Minh Trinh

STAR Scholars Abstract

2023 STAR Scholars Abstract - Minh Trinh

  • October 17, 2024 at 10:02 AM
  • Visible to group members and anyone with the link
Decoding LLMs: Unveiling ChatGPT's Human-Like Deception
Generative artificial intelligence (AI) has revolutionized human-AI interactions, but ethical and societal concerns arise due to deceptive AI-generated content. Our research delves into the layers of deception in Large Language Models (LLMs) like ChatGPT, exploring their ability to produce texts without factual basis and the self-deception they trigger in users. Recognizing demographic biases in deceptive word choices through literature review, our study aims to answer whether AI mimics human deception. Having synthesized false human reviews for restaurants, hotels, and doctors, we curate a dataset of over 1000 personas using ChatGPT-generated names reflecting U.S. Census demographics. Furthermore, we test and fine-tune various prompts for ChatGPT to attain human-level deception.

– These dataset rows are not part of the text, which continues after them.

(* For every formula $F$ of $\mathcal{L}$: if $F$ is valid in every neighbourhood model, then $F$ is derivable in the axiom system of $\mathbb{PCL}$.
   Context: Formulas: $\mathcal{L} ::= p \mid \bot \mid A\wedge B \mid A\lor B \mid A\rightarrow B \mid A>B$. The axiom system of $\mathbb{PCL}$ is classical propositional logic plus the rules (RCEA) from $A\leftrightarrow B$ infer $(A>C)\leftrightarrow(B>C)$; (RCK) from $A\rightarrow B$ infer $(C>A)\rightarrow(C>B)$, and the axioms (ID) $A>A$; (R-And) $(A>B)\wedge(A>C)\rightarrow(A>(B\wedge C))$; (CM) $(A>B)\wedge(A>C)\rightarrow((A\wedge B)>C)$; (OR) $(A>C)\wedge(B>C)\rightarrow((A\lor B)>C)$. A neighbourhood model is $\langle W,N,\llbracket\cdot\rrbracket\rangle$ with $W\neq\emptyset$, $N:W\to\mathcal{P}(\mathcal{P}(W))$ such that every $\alpha\in N(x)$ is non-empty, and a valuation of atoms. Forcing is classical for Boolean connectives, and $x\Vdash A>B$ iff for all $\alpha\in N(x)$, if some $y\in\alpha$ forces $A$, then there is $\beta\in N(x)$ with $\beta\subseteq\alpha$ such that some $y\in\beta$ forces $A$ and every $y\in\beta$ forces $A\to B$. Valid = forced at every world. *)

theory Defs
  imports Main
begin

datatype 'a fm =
    Atom 'a
  | Bot
  | And "'a fm" "'a fm"
  | Or "'a fm" "'a fm"
  | Imp "'a fm" "'a fm"
  | Cond "'a fm" "'a fm"
text \<open>Adjacent faces of P have unit normals with Minkowski product -(sinh a)^2, so P has
  dihedral angle 2 pi/n when (sinh a)^2 = cos (2 pi/n), which has a solution a > 0 precisely
  when n >= 5. Put t = sinh r / sqrt 3, so that adjacent vertices of Q are at distance
  arcosh (1 + 2 t^2). If tanh r = sqrt 3 sinh a / (1 + cosh a), which is solvable because
  sinh a < 1, every vertex v of the face of Q turned towards the face of P with normal e
  satisfies mink v e = -t. The reflection in that face then maps v to v + 2 t e, again at
  distance arcosh (1 + 2 t^2) from v, so all four edges of a lateral quadrilateral have the
  same length; and the quadrilateral lies in the plane through its edge of Q orthogonal to
  the face of P.\<close>

lemma tanh_artanh_real:
  fixes x :: real
  assumes "\<bar>x\<bar> < 1"
  shows "tanh (artanh x) = x"
proof -
  have "artanh x = ln (sqrt ((1 + x) / (1 - x)))"
    using assms by (simp add: artanh_def ln_sqrt)
  then show ?thesis
    using assms by (simp add: tanh_ln_real field_simps)
qed

lemma mink_sym: "mink x y = mink y x"
  by (simp add: mink_def)

lemma mink_diff_left: "mink (x - y) z = mink x z - mink y z"
  by (simp add: mink_def algebra_simps)

lemma mink_diff_right: "mink x (y - z) = mink x y - mink x z"
  by (simp add: mink_def algebra_simps)

lemma mink_scaleR_left: "mink (c *\<^sub>R x) z = c * mink x z"
  by (simp add: mink_def algebra_simps)

lemma mink_scaleR_right: "mink x (c *\<^sub>R z) = c * mink x z"
  by (simp add: mink_def algebra_simps)

lemma mink_eq_sum: "mink x y = - x$1 * y$1 + (\<Sum>l\<in>{2,3,4}. x$l * y$l)"
  by (simp add: mink_def)

lemma mink_hrefl_left: "mink (hrefl e x) y = mink x y - 2 * mink x e * mink e y"
  by (simp add: hrefl_def mink_diff_left mink_scaleR_left)
definition Esh :: "real \<Rightarrow> op" where
  "Esh \<beta> f = (\<lambda>s. f (s + \<beta>))"
definition opadd :: "op \<Rightarrow> op \<Rightarrow> op" (infixl "\<oplus>\<^sub>o" 65) where
  "opadd T1 T2 = (\<lambda>f s. T1 f s + T2 f s)"
definition opsub :: "op \<Rightarrow> op \<Rightarrow> op" (infixl "\<ominus>\<^sub>o" 65) where
  "opsub T1 T2 = (\<lambda>f s. T1 f s - T2 f s)"
definition opneg :: "op \<Rightarrow> op" where
  "opneg T = (\<lambda>f s. - T f s)"
definition Mul :: "(real \<Rightarrow> complex) \<Rightarrow> op" where
  "Mul g f = (\<lambda>s. g s * f s)"

text \<open>Square roots are formal with fixed branches: Rs, Rm, Rd, Rw are
  fixed square roots of sigma(s), sigma(-s-mu), Delta x(s), nabla x_1(s); the square root
  of a product/quotient of such factors is the corresponding product/quotient of roots.
  sg = sigma, sr = sigma(-s-mu), dx = Delta x, nx = nabla x, w = nabla x_1.\<close>
definition Hop :: "(real \<Rightarrow> complex) \<Rightarrow> (real \<Rightarrow> complex) \<Rightarrow> (real \<Rightarrow> complex) \<Rightarrow> (real \<Rightarrow> complex)
   \<Rightarrow> (real \<Rightarrow> complex) \<Rightarrow> (real \<Rightarrow> complex) \<Rightarrow> op" where
  "Hop sg sr dx nx Rs Rm =
     opneg (Mul (\<lambda>s. Rm (s - 1) * Rs s / nx s) \<circ> Esh (-1))
     \<ominus>\<^sub>o (Mul (\<lambda>s. Rm s * Rs (s + 1) / dx s) \<circ> Esh 1)
     \<oplus>\<^sub>o Mul (\<lambda>s. sr s / dx s + sg s / nx s)"

definition frakH :: "(real \<Rightarrow> complex) \<Rightarrow> (real \<Rightarrow> complex) \<Rightarrow> (real \<Rightarrow> complex) \<Rightarrow> (real \<Rightarrow> complex)
   \<Rightarrow> (real \<Rightarrow> complex) \<Rightarrow> (real \<Rightarrow> complex) \<Rightarrow> (real \<Rightarrow> complex) \<Rightarrow> (real \<Rightarrow> real) \<Rightarrow> op" where
  "frakH sg sr dx nx w Rs Rm A =
     Mul (\<lambda>s. 1 / w s) \<circ> Mul (\<lambda>s. of_real (A s)) \<circ> Hop sg sr dx nx Rs Rm
       \<circ> Mul (\<lambda>s. 1 / of_real (A s))"

text \<open>Lowering operator a^down_alpha; sqrt(sigma(s)/nabla x(s)) = Rs s / Rd (s-1),
  sqrt(sigma(-s-mu)/Delta x(s)) = Rm s / Rd s, sqrt(nabla x_1(s)) = Rw s.\<close>
definition aop :: "real \<Rightarrow> (real \<Rightarrow> complex) \<Rightarrow> (real \<Rightarrow> complex) \<Rightarrow> (real \<Rightarrow> complex)
   \<Rightarrow> (real \<Rightarrow> complex) \<Rightarrow> (real \<Rightarrow> real) \<Rightarrow> op" where
  "aop \<alpha> Rs Rm Rd Rw A =
     Mul (\<lambda>s. of_real (A s) / Rw s) \<circ> Esh (- \<alpha>)
       \<circ> ((Esh 1 \<circ> Mul (\<lambda>s. Rs s / Rd (s - 1))) \<ominus>\<^sub>o Mul (\<lambda>s. Rm s / Rd s))
       \<circ> Mul (\<lambda>s. 1 / of_real (A s))"

definition bop :: "real \<Rightarrow> (real \<Rightarrow> complex) \<Rightarrow> (real \<Rightarrow> complex) \<Rightarrow> (real \<Rightarrow> complex)
   \<Rightarrow> (real \<Rightarrow> complex) \<Rightarrow> (real \<Rightarrow> complex) \<Rightarrow> (real \<Rightarrow> real) \<Rightarrow> op" where
  "bop \<alpha> w Rs Rm Rd Rw A =
     Mul (\<lambda>s. 1 / w s) \<circ> Mul (\<lambda>s. of_real (A s))
       \<circ> ((Mul (\<lambda>s. Rs s / Rd (s - 1)) \<circ> Esh (-1)) \<ominus>\<^sub>o Mul (\<lambda>s. Rm s / Rd s))
       \<circ> Esh \<alpha> \<circ> Mul Rw \<circ> Mul (\<lambda>s. 1 / of_real (A s))"

text \<open>Points where all the data are non-degenerate, and the maximal set of s whose
  whole orbit s + Z + alpha Z is non-degenerate ("identically in s").\<close>
definition nondeg :: "(real \<Rightarrow> complex) \<Rightarrow> (real \<Rightarrow> complex) \<Rightarrow> (real \<Rightarrow> complex)
   \<Rightarrow> (real \<Rightarrow> complex) \<Rightarrow> real \<Rightarrow> bool" where
  "nondeg sg sr dx w t \<longleftrightarrow> sg t \<noteq> 0 \<and> sr t \<noteq> 0 \<and> dx t \<noteq> 0 \<and> w t \<noteq> 0"

definition gooddom :: "real \<Rightarrow> (real \<Rightarrow> complex) \<Rightarrow> (real \<Rightarrow> complex) \<Rightarrow> (real \<Rightarrow> complex)
   \<Rightarrow> (real \<Rightarrow> complex) \<Rightarrow> real set" where
  "gooddom \<alpha> sg sr dx w =
     {s. \<forall>m n :: int. nondeg sg sr dx w (s + of_int m + of_int n * \<alpha>)}"

end

theory Submission imports Defs begin

text \<open>
  Both \<open>b a\<close> and \<open>a b\<close> are three-term difference operators: expanding the shifts, each
  sends \<open>f\<close> to a combination of \<open>f(s-1)\<close>, \<open>f(s)\<close>, \<open>f(s+1)\<close> whose coefficients are
  products of the square roots.  For \<open>b a\<close> these coefficients are exactly those of \<open>\<frak>H\<close>,
  once \<open>\<nabla>x(s) = \<Delta>x(s-1)\<close> and the squares of the roots are substituted.  For \<open>a b\<close>
  the off-diagonal coefficients are those of \<open>b a\<close> multiplied by the ratio on the left of
  the first condition (at \<open>s\<close> and at \<open>s+1\<close>).  A three-term operator acts as \<open>\<Lambda> I\<close>
  on all functions iff its off-diagonal coefficients vanish and its diagonal one is \<open>\<Lambda>\<close>,
  as one sees by testing on point masses; this gives the two conditions.
\<close>

definition tridiag :: "(real \<Rightarrow> complex) \<Rightarrow> (real \<Rightarrow> complex) \<Rightarrow> (real \<Rightarrow> complex) \<Rightarrow> op" where
  "tridiag p d r f s = p s * f (s - 1) + d s * f s + r s * f (s + 1)"

lemma tridiag_eq_scalar_iff:
  "(\<forall>f. \<forall>s\<in>D. tridiag p d r f s = c * f s) \<longleftrightarrow> (\<forall>s\<in>D. p s = 0 \<and> d s = c \<and> r s = 0)"
proof
  assume scalar: "\<forall>f. \<forall>s\<in>D. tridiag p d r f s = c * f s"
  show "\<forall>s\<in>D. p s = 0 \<and> d s = c \<and> r s = 0"
  proof
    fix s assume "s \<in> D"
    let ?\<delta> = "\<lambda>t u. if u = t then 1 else 0 :: complex"
    have "tridiag p d r (?\<delta> t) s = c * ?\<delta> t s" for t
      using scalar \<open>s \<in> D\<close> by blast
    from this[of "s - 1"] this[of s] this[of "s + 1"]
    show "p s = 0 \<and> d s = c \<and> r s = 0" by (simp add: tridiag_def)
  qed
qed (simp add: tridiag_def)

lemma gooddom_nondeg:
  "s \<in> gooddom \<alpha> sg sr dx w \<Longrightarrow> nondeg sg sr dx w (s + of_int m + of_int n * \<alpha>)"
  by (simp add: gooddom_def)

lemma gooddom_add_one: "s \<in> gooddom \<alpha> sg sr dx w \<Longrightarrow> s + 1 \<in> gooddom \<alpha> sg sr dx w"
proof -
  assume s: "s \<in> gooddom \<alpha> sg sr dx w"
  have "nondeg sg sr dx w (s + 1 + of_int m + of_int n * \<alpha>)" for m n :: int
    using gooddom_nondeg[OF s, of "m + 1" n] by (simp add: algebra_simps)
  then show ?thesis by (simp add: gooddom_def)
qed

lemma aop_apply:
  "aop \<alpha> Rs Rm Rd Rw A f t = of_real (A t) / Rw t *
     (Rs (t-\<alpha>+1) / Rd (t-\<alpha>) * f (t-\<alpha>+1) / of_real (A (t-\<alpha>+1))
      - Rm (t-\<alpha>) / Rd (t-\<alpha>) * f (t-\<alpha>) / of_real (A (t-\<alpha>)))"
  by (simp add: aop_def Mul_def Esh_def opsub_def algebra_simps)

lemma bop_apply:
  "bop \<alpha> w Rs Rm Rd Rw A f t = of_real (A t) / w t *
     (Rs t / Rd (t-1) * Rw (t-1+\<alpha>) * f (t-1+\<alpha>) / of_real (A (t-1+\<alpha>))
      - Rm t / Rd t * Rw (t+\<alpha>) * f (t+\<alpha>) / of_real (A (t+\<alpha>)))"
  by (simp add: bop_def Mul_def Esh_def opsub_def algebra_simps)

lemma frakH_apply:
  "A s \<noteq> 0 \<Longrightarrow> frakH sg sr dx nx w Rs Rm A f s = 1 / w s * of_real (A s) *
     (- (Rm (s-1) * Rs s / nx s) * f (s-1) / of_real (A (s-1))
      - (Rm s * Rs (s+1) / dx s) * f (s+1) / of_real (A (s+1))
      + (sr s / dx s + sg s / nx s) * f s / of_real (A s))"
  by (simp add: frakH_def Hop_def Mul_def Esh_def opsub_def opadd_def opneg_def algebra_simps)
     (simp add: field_simps)

locale factorization_data =
  fixes \<alpha> :: real and sg sr dx nx w Rs Rm Rd Rw :: "real \<Rightarrow> complex" and A :: "real \<Rightarrow> real"
  assumes A_nonzero: "A t \<noteq> 0"
    and sg_square: "sg t = (Rs t)\<^sup>2" and sr_square: "sr t = (Rm t)\<^sup>2"
    and dx_square: "dx t = (Rd t)\<^sup>2" and w_square: "w t = (Rw t)\<^sup>2"
    and nx_shift: "nx t = dx (t - 1)"
begin

abbreviation D where "D \<equiv> gooddom \<alpha> sg sr dx w"
abbreviation a where "a \<equiv> aop \<alpha> Rs Rm Rd Rw A"
abbreviation b where "b \<equiv> bop \<alpha> w Rs Rm Rd Rw A"

definition ba_lower :: "real \<Rightarrow> complex" where
  "ba_lower s = - of_real (A s) * Rs s * Rm (s-1) / (w s * dx (s-1) * of_real (A (s-1)))"

definition ba_upper :: "real \<Rightarrow> complex" where
  "ba_upper s = - of_real (A s) * Rm s * Rs (s+1) / (w s * dx s * of_real (A (s+1)))"

definition ba_diag :: "real \<Rightarrow> complex" where
  "ba_diag s = 1 / w s * (sg s / nx s + sr s / dx s)"

definition ab_diag :: "real \<Rightarrow> complex" where
  "ab_diag s = 1 / dx (s - \<alpha>) * (sg (s - \<alpha> + 1) / w (s - \<alpha> + 1) + sr (s - \<alpha>) / w (s - \<alpha>))"

definition offdiag_ratio :: "real \<Rightarrow> complex" where
  "offdiag_ratio s = nx s / w (s - \<alpha>) * (Rw (s - 1) * Rw s / (Rd (s - \<alpha> - 1) * Rd (s - \<alpha>)))
               * (Rs (s - \<alpha>) * Rm (s - \<alpha>) / (Rs s * Rm (s - 1)))"

lemma nondeg_iff_roots_nonzero:
  "nondeg sg sr dx w t \<longleftrightarrow> Rs t \<noteq> 0 \<and> Rm t \<noteq> 0 \<and> Rd t \<noteq> 0 \<and> Rw t \<noteq> 0"
  by (simp add: nondeg_def sg_square sr_square dx_square w_square)

lemma roots_nonzero_around:
  assumes "s \<in> D"
  shows "Rs s \<noteq> 0" "Rm s \<noteq> 0" "Rd s \<noteq> 0" "Rw s \<noteq> 0"
    "Rs (s+1) \<noteq> 0" "Rw (s+1) \<noteq> 0" "Rm (s-1) \<noteq> 0" "Rd (s-1) \<noteq> 0" "Rw (s-1) \<noteq> 0"
    "Rw (s-1+\<alpha>) \<noteq> 0" "Rw (s+\<alpha>) \<noteq> 0"
    "Rd (s-\<alpha>) \<noteq> 0" "Rd (s-\<alpha>-1) \<noteq> 0" "Rd (s-\<alpha>+1) \<noteq> 0"
    "Rw (s-\<alpha>) \<noteq> 0" "Rw (s-\<alpha>+1) \<noteq> 0"
proof -
  have nz: "Rs t \<noteq> 0 \<and> Rm t \<noteq> 0 \<and> Rd t \<noteq> 0 \<and> Rw t \<noteq> 0"
    if "t = s + of_int m + of_int n * \<alpha>" for t m n
    using gooddom_nondeg[OF assms, of m n] that by (simp add: nondeg_iff_roots_nonzero)
  show "Rs s \<noteq> 0" "Rm s \<noteq> 0" "Rd s \<noteq> 0" "Rw s \<noteq> 0" using nz[of s 0 0] by simp_all
  show "Rs (s+1) \<noteq> 0" "Rw (s+1) \<noteq> 0" using nz[of "s+1" 1 0] by simp_all
  show "Rm (s-1) \<noteq> 0" "Rd (s-1) \<noteq> 0" "Rw (s-1) \<noteq> 0" using nz[of "s-1" "-1" 0] by simp_all
  show "Rw (s-1+\<alpha>) \<noteq> 0" using nz[of "s-1+\<alpha>" "-1" 1] by simp
  show "Rw (s+\<alpha>) \<noteq> 0" using nz[of "s+\<alpha>" 0 1] by simp
  show "Rd (s-\<alpha>) \<noteq> 0" "Rw (s-\<alpha>) \<noteq> 0" using nz[of "s-\<alpha>" 0 "-1"] by simp_all
  show "Rd (s-\<alpha>-1) \<noteq> 0" using nz[of "s-\<alpha>-1" "-1" "-1"] by simp
  show "Rd (s-\<alpha>+1) \<noteq> 0" "Rw (s-\<alpha>+1) \<noteq> 0" using nz[of "s-\<alpha>+1" 1 "-1"] by simp_all
qed

lemma frakH_eq_tridiag:
  "s \<in> D \<Longrightarrow> frakH sg sr dx nx w Rs Rm A f s = tridiag ba_lower ba_diag ba_upper f s"
  using roots_nonzero_around A_nonzero[of s]
  by (simp add: frakH_apply tridiag_def ba_lower_def ba_upper_def ba_diag_def nx_shift
      sg_square sr_square dx_square w_square field_simps)

lemma ba_eq_tridiag:
  assumes "s \<in> D"
  shows "b (a f) s = tridiag ba_lower ba_diag ba_upper f s"
proof -
  have "b (a f) s = of_real (A s) / w s *
      (Rs s / Rd (s-1) * (Rs s / Rd (s-1) * f s / of_real (A s)
         - Rm (s-1) / Rd (s-1) * f (s-1) / of_real (A (s-1)))
       - Rm s / Rd s * (Rs (s+1) / Rd s * f (s+1) / of_real (A (s+1))
         - Rm s / Rd s * f s / of_real (A s)))"
    using roots_nonzero_around[OF assms] A_nonzero[of "s-1+\<alpha>"] A_nonzero[of "s+\<alpha>"]
    by (simp add: bop_apply aop_apply add.commute)
  also have "\<dots> = tridiag ba_lower ba_diag ba_upper f s"
    using roots_nonzero_around[OF assms] A_nonzero[of s]
    by (simp add: tridiag_def ba_lower_def ba_upper_def ba_diag_def nx_shift
        sg_square sr_square dx_square w_square field_simps power2_eq_square)
  finally show ?thesis .
qed

lemma ab_eq_tridiag:
  assumes "s \<in> D"
  shows "a (b f) s
    = tridiag (\<lambda>s. offdiag_ratio s * ba_lower s) ab_diag (\<lambda>s. offdiag_ratio (s+1) * ba_upper s) f s"
proof -
  note nz = roots_nonzero_around[OF assms]
  have b_at_next: "b f (s-\<alpha>+1) = of_real (A (s-\<alpha>+1)) / w (s-\<alpha>+1) *
       (Rs (s-\<alpha>+1) / Rd (s-\<alpha>) * Rw s * f s / of_real (A s)
        - Rm (s-\<alpha>+1) / Rd (s-\<alpha>+1) * Rw (s+1) * f (s+1) / of_real (A (s+1)))"
    by (simp add: bop_apply algebra_simps)
  have b_at: "b f (s-\<alpha>) = of_real (A (s-\<alpha>)) / w (s-\<alpha>) *
       (Rs (s-\<alpha>) / Rd (s-\<alpha>-1) * Rw (s-1) * f (s-1) / of_real (A (s-1))
        - Rm (s-\<alpha>) / Rd (s-\<alpha>) * Rw s * f s / of_real (A s))"
    by (simp add: bop_apply algebra_simps)
  have "a (b f) s = of_real (A s) / Rw s *
      (Rs (s-\<alpha>+1) / Rd (s-\<alpha>) / w (s-\<alpha>+1) *
         (Rs (s-\<alpha>+1) / Rd (s-\<alpha>) * Rw s * f s / of_real (A s)
          - Rm (s-\<alpha>+1) / Rd (s-\<alpha>+1) * Rw (s+1) * f (s+1) / of_real (A (s+1)))
       - Rm (s-\<alpha>) / Rd (s-\<alpha>) / w (s-\<alpha>) *
         (Rs (s-\<alpha>) / Rd (s-\<alpha>-1) * Rw (s-1) * f (s-1) / of_real (A (s-1))
          - Rm (s-\<alpha>) / Rd (s-\<alpha>) * Rw s * f s / of_real (A s)))"
    unfolding aop_apply[of _ _ _ _ _ _ _ s] b_at_next b_at
    using nz by (simp add: A_nonzero w_square field_simps)
  also have "\<dots>
      = tridiag (\<lambda>s. offdiag_ratio s * ba_lower s) ab_diag (\<lambda>s. offdiag_ratio (s+1) * ba_upper s) f s"
    using nz A_nonzero[of s]
    by (simp add: tridiag_def ba_lower_def ba_upper_def ab_diag_def offdiag_ratio_def nx_shift
        sg_square sr_square dx_square w_square field_simps power2_eq_square)
  finally show ?thesis .
qed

After generating reviews for each persona via ChatGPT, we utilize machine learning and NLP techniques to analyze and extract various linguistic biases that can be leveraged for AI-generated content detection. Ultimately, our goal is to gain insights into AI’s deception and its implications and refine methods for deception detection. Following STAR, I intend to continue research with my faculty mentor as we investigate diverse contexts and more LLMs.